▼

text \<open>Profiles are total functions on \<open>nat\<close>; only those vanishing outside \<open>{..<n} \<times> {..<m}\<close>
  form a compact set, and restricting to it changes neither profilehood nor the potential.\<close>

definition restrict_profile :: "nat \<Rightarrow> nat \<Rightarrow> (nat \<Rightarrow> nat \<Rightarrow> real) \<Rightarrow> nat \<Rightarrow> nat \<Rightarrow> real" where
  "restrict_profile n m a = (\<lambda>i j. if i < n \<and> j < m then a i j else 0)"

lemma is_profile_restrict_profile:
  "is_profile n m a \<Longrightarrow> is_profile n m (restrict_profile n m a)"
  unfolding is_profile_def is_action_def restrict_profile_def by simp

lemma potential_restrict_profile:
  "potential n m mu s0 lam (restrict_profile n m a) = potential n m mu s0 lam a"
  unfolding potential_def server_load_def restrict_profile_def by simp

lemma continuous_on_profile_entry [continuous_intros]:
  "continuous_on S (\<lambda>a::nat \<Rightarrow> nat \<Rightarrow> real. a i j)"
  by (rule continuous_on_subset[OF continuous_on_product_then_coordinatewise
        [OF continuous_on_product_coordinates]]) auto

lemma continuous_on_potential:
  "\<forall>j<m. mu j \<noteq> 0 \<Longrightarrow> continuous_on S (potential n m mu s0 lam)"
  unfolding potential_def server_load_def by (intro continuous_intros) auto

lemma compact_restricted_profiles:
  "compact {a. is_profile n m a \<and> restrict_profile n m a = a}"
proof -
  let ?box = "PiE UNIV (\<lambda>i. PiE UNIV (\<lambda>j. if i < n \<and> j < m then {0..1} else {0::real}))"
  have "a \<in> ?box \<longleftrightarrow> (\<forall>i j. if i < n \<and> j < m then a i j \<in> {0..1} else a i j = 0)" for a
    by (simp add: PiE_iff if_distrib)
  then have "{a. is_profile n m a \<and> restrict_profile n m a = a} = ?box \<inter> {a. is_profile n m a}"
    using is_action_le_1
    by (auto simp: is_profile_def is_action_def restrict_profile_def fun_eq_iff)
  moreover have "compact ?box"
    by (intro compact_PiE_UNIV) auto
  moreover have "closed {a::nat \<Rightarrow> nat \<Rightarrow> real. is_profile n m a}"
    unfolding is_profile_def is_action_def
    by (intro closed_Collect_all closed_Collect_imp closed_Collect_conj closed_Collect_le
        closed_Collect_eq open_Collect_const continuous_intros)
  ultimately show ?thesis
    by (simp add: compact_Int_closed)
qed

lemma potential_attains_min:
  assumes "m \<ge> 1" "\<forall>j<m. mu j \<noteq> 0"
  obtains a where "is_profile n m a"
    and "\<And>b. is_profile n m b \<Longrightarrow> potential n m mu s0 lam a \<le> potential n m mu s0 lam b"
proof -
  let ?K = "{a. is_profile n m a \<and> restrict_profile n m a = a}"
  have "restrict_profile n m (\<lambda>i j. if j = 0 then 1 else 0) \<in> ?K"
    using assms(1) by (simp add: is_profile_def is_action_def restrict_profile_def fun_eq_iff)
  then obtain a where a: "a \<in> ?K"
    and minimal: "\<And>b. b \<in> ?K \<Longrightarrow> potential n m mu s0 lam a \<le> potential n m mu s0 lam b"
    using continuous_attains_inf[OF compact_restricted_profiles _ continuous_on_potential[OF assms(2)]]
    by blast
  have "potential n m mu s0 lam a \<le> potential n m mu s0 lam b" if "is_profile n m b" for b
  proof -
    have "restrict_profile n m b \<in> ?K"
      using that by (simp add: is_profile_restrict_profile) (simp add: restrict_profile_def fun_eq_iff)
    then show ?thesis
      using minimal potential_restrict_profile by metis
  qed
  with a that show ?thesis by blast
qed

lemma NE_exists:
  assumes "m \<ge> 1" "\<forall>j<m. mu j \<noteq> 0"
  shows "\<exists>a. is_NE n m mu s0 lam a"
  using potential_attains_min[OF assms] potential_minimiser_is_NE[OF _ assms(2)] by metis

▲

→ WHAT YOU WILL DO:
Return all of the material exactly as written, from the first line through the last.

→ RESPONSE TO THIS EXERCISE:
text \<open>Profiles are total functions on \<open>nat\<close>; only those vanishing outside \<open>{..<n} \<times> {..<m}\<close>
  form a compact set, and restricting to it changes neither profilehood nor the potential.\<close>

definition restrict_profile :: "nat \<Rightarrow> nat \<Rightarrow> (nat \<Rightarrow> nat \<Rightarrow> real) \<Rightarrow> nat \<Rightarrow> nat \<Rightarrow> real" where
  "restrict_profile n m a = (\<lambda>i j. if i < n \<and> j < m then a i j else 0)"

lemma is_profile_restrict_profile:
  "is_profile n m a \<Longrightarrow> is_profile n m (restrict_profile n m a)"
  unfolding is_profile_def is_action_def restrict_profile_def by simp

lemma potential_restrict_profile:
  "potential n m mu s0 lam (restrict_profile n m a) = potential n m mu s0 lam a"
  unfolding potential_def server_load_def restrict_profile_def by simp

lemma continuous_on_profile_entry [continuous_intros]:
  "continuous_on S (\<lambda>a::nat \<Rightarrow> nat \<Rightarrow> real. a i j)"
  by (rule continuous_on_subset[OF continuous_on_product_then_coordinatewise
        [OF continuous_on_product_coordinates]]) auto

lemma continuous_on_potential:
  "\<forall>j<m. mu j \<noteq> 0 \<Longrightarrow> continuous_on S (potential n m mu s0 lam)"
  unfolding potential_def server_load_def by (intro continuous_intros) auto

lemma compact_restricted_profiles:
  "compact {a. is_profile n m a \<and> restrict_profile n m a = a}"
proof -
  let ?box = "PiE UNIV (\<lambda>i. PiE UNIV (\<lambda>j. if i < n \<and> j < m then {0..1} else {0::real}))"
  have "a \<in> ?box \<longleftrightarrow> (\<forall>i j. if i < n \<and> j < m then a i j \<in> {0..1} else a i j = 0)" for a
    by (simp add: PiE_iff if_distrib)
  then have "{a. is_profile n m a \<and> restrict_profile n m a = a} = ?box \<inter> {a. is_profile n m a}"
    using is_action_le_1
    by (auto simp: is_profile_def is_action_def restrict_profile_def fun_eq_iff)
  moreover have "compact ?box"
    by (intro compact_PiE_UNIV) auto
  moreover have "closed {a::nat \<Rightarrow> nat \<Rightarrow> real. is_profile n m a}"
    unfolding is_profile_def is_action_def
    by (intro closed_Collect_all closed_Collect_imp closed_Collect_conj closed_Collect_le
        closed_Collect_eq open_Collect_const continuous_intros)
  ultimately show ?thesis
    by (simp add: compact_Int_closed)
qed

lemma potential_attains_min:
  assumes "m \<ge> 1" "\<forall>j<m. mu j \<noteq> 0"
  obtains a where "is_profile n m a"
    and "\<And>b. is_profile n m b \<Longrightarrow> potential n m mu s0 lam a \<le> potential n m mu s0 lam b"
proof -
  let ?K = "{a. is_profile n m a \<and> restrict_profile n m a = a}"
  have "restrict_profile n m (\<lambda>i j. if j = 0 then 1 else 0) \<in> ?K"
    using assms(1) by (simp add: is_profile_def is_action_def restrict_profile_def fun_eq_iff)
  then obtain a where a: "a \<in> ?K"
    and minimal: "\<And>b. b \<in> ?K \<Longrightarrow> potential n m mu s0 lam a \<le> potential n m mu s0 lam b"
    using continuous_attains_inf[OF compact_restricted_profiles _ continuous_on_potential[OF assms(2)]]
    by blast
  have "potential n m mu s0 lam a \<le> potential n m mu s0 lam b" if "is_profile n m b" for b
  proof -
    have "restrict_profile n m b \<in> ?K"
      using that by (simp add: is_profile_restrict_profile) (simp add: restrict_profile_def fun_eq_iff)
    then show ?thesis
      using minimal potential_restrict_profile by metis
  qed
  with a that show ?thesis by blast
qed

lemma NE_exists:
  assumes "m \<ge> 1" "\<forall>j<m. mu j \<noteq> 0"
  shows "\<exists>a. is_NE n m mu s0 lam a"
  using potential_attains_min[OF assms] potential_minimiser_is_NE[OF _ assms(2)] by metis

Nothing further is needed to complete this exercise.